Please return the lines below verbatim, beginning at the one that has "d + 1 - int" and stopping after the one that has "qed (use window in simp)", and add no other lines.
____ STUDY MATERIAL
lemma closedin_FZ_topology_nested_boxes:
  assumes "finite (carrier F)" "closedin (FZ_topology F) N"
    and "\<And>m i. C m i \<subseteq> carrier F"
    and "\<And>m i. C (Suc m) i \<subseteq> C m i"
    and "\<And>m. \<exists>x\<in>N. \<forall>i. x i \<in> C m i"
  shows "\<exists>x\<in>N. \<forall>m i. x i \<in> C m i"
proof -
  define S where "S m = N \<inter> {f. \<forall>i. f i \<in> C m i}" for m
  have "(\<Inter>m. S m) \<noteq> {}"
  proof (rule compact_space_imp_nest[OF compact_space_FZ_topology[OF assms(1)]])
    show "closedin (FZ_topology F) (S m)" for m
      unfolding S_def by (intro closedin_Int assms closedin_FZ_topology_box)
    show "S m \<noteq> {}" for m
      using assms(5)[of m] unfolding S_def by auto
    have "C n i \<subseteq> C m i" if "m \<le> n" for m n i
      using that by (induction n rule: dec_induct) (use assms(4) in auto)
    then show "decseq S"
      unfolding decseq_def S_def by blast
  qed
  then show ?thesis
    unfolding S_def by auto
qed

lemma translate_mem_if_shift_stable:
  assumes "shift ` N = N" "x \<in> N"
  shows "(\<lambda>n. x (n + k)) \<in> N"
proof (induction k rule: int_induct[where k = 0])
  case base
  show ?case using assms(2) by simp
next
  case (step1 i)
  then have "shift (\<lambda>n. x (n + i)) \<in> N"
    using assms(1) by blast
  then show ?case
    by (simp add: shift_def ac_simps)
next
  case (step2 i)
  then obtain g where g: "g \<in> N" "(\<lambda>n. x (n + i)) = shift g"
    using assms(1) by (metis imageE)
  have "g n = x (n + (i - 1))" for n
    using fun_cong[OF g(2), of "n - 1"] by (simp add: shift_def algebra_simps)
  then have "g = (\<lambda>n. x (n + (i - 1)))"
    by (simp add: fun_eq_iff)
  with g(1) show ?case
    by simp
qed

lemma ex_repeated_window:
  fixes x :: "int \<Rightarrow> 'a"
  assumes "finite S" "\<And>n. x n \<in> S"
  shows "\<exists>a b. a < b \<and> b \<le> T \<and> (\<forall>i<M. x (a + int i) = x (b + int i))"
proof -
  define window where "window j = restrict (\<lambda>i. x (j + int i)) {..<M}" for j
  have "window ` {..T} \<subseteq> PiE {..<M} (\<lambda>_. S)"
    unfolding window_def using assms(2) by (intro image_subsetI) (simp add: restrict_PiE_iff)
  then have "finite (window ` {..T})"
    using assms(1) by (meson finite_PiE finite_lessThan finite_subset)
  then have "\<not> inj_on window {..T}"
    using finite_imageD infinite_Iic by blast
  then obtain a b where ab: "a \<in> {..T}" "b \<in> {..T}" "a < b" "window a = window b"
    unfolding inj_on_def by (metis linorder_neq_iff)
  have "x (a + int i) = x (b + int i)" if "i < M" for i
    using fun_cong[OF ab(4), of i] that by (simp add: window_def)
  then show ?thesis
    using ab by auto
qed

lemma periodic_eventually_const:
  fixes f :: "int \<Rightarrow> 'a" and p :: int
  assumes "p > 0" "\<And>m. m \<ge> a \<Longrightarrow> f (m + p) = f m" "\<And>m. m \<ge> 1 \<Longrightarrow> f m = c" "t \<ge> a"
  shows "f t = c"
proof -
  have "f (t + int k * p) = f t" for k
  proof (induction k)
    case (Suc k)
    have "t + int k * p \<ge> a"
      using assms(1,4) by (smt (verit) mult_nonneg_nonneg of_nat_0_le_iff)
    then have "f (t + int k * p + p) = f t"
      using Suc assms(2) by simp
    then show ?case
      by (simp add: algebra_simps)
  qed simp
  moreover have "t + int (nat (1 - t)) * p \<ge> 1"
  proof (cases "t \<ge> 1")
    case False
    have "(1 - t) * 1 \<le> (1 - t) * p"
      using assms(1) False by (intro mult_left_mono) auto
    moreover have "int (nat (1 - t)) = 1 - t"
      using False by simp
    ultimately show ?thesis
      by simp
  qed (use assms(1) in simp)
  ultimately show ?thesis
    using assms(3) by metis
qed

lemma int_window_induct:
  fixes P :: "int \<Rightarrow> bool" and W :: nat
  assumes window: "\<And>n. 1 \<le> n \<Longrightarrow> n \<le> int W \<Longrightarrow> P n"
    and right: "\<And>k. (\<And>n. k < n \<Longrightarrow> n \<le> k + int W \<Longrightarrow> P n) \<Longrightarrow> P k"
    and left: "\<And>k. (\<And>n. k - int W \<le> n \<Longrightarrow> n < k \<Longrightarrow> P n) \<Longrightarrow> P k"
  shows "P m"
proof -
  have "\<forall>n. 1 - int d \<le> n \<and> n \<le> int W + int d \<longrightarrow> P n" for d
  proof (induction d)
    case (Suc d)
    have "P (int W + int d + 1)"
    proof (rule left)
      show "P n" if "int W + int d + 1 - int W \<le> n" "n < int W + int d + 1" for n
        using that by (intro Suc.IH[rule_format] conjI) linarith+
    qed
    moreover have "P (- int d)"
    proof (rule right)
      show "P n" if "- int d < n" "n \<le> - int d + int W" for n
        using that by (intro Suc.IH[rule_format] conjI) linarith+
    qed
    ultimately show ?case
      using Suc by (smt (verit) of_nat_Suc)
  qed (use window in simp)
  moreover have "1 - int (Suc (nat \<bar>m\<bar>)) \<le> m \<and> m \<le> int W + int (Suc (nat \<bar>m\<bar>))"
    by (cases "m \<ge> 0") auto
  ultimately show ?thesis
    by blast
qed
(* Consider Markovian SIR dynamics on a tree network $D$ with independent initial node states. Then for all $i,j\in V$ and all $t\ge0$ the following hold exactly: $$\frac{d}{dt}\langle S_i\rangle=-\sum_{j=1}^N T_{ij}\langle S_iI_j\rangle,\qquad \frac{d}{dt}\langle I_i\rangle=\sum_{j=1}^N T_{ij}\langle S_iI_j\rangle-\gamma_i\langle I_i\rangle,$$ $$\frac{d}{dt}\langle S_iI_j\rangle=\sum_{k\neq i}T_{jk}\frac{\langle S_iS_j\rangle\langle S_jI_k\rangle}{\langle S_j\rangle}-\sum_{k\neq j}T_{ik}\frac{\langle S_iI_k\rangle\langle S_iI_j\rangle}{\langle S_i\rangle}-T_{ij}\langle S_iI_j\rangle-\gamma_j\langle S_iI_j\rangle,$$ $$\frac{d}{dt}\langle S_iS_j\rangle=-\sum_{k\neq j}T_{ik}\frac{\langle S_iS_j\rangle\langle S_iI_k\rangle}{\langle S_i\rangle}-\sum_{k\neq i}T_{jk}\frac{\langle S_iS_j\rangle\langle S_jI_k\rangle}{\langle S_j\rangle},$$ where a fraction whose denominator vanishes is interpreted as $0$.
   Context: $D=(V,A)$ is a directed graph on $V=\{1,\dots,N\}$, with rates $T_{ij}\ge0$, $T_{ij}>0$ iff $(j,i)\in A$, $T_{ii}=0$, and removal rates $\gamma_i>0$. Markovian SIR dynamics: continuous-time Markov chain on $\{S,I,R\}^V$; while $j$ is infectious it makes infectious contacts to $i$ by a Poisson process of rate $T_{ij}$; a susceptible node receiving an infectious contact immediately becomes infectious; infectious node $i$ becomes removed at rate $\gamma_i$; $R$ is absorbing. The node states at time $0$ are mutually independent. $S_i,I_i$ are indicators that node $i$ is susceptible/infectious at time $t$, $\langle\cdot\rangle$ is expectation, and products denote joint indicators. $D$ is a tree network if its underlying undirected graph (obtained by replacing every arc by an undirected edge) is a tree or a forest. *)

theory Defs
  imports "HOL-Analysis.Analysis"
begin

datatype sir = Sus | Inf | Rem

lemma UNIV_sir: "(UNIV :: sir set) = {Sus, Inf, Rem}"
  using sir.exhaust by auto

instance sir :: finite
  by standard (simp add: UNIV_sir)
________
> TASK RESPONSE:
      show "P n" if "int W + int d + 1 - int W \<le> n" "n < int W + int d + 1" for n
        using that by (intro Suc.IH[rule_format] conjI) linarith+
    qed
    moreover have "P (- int d)"
    proof (rule right)
      show "P n" if "- int d < n" "n \<le> - int d + int W" for n
        using that by (intro Suc.IH[rule_format] conjI) linarith+
    qed
    ultimately show ?case
      using Suc by (smt (verit) of_nat_Suc)
  qed (use window in simp)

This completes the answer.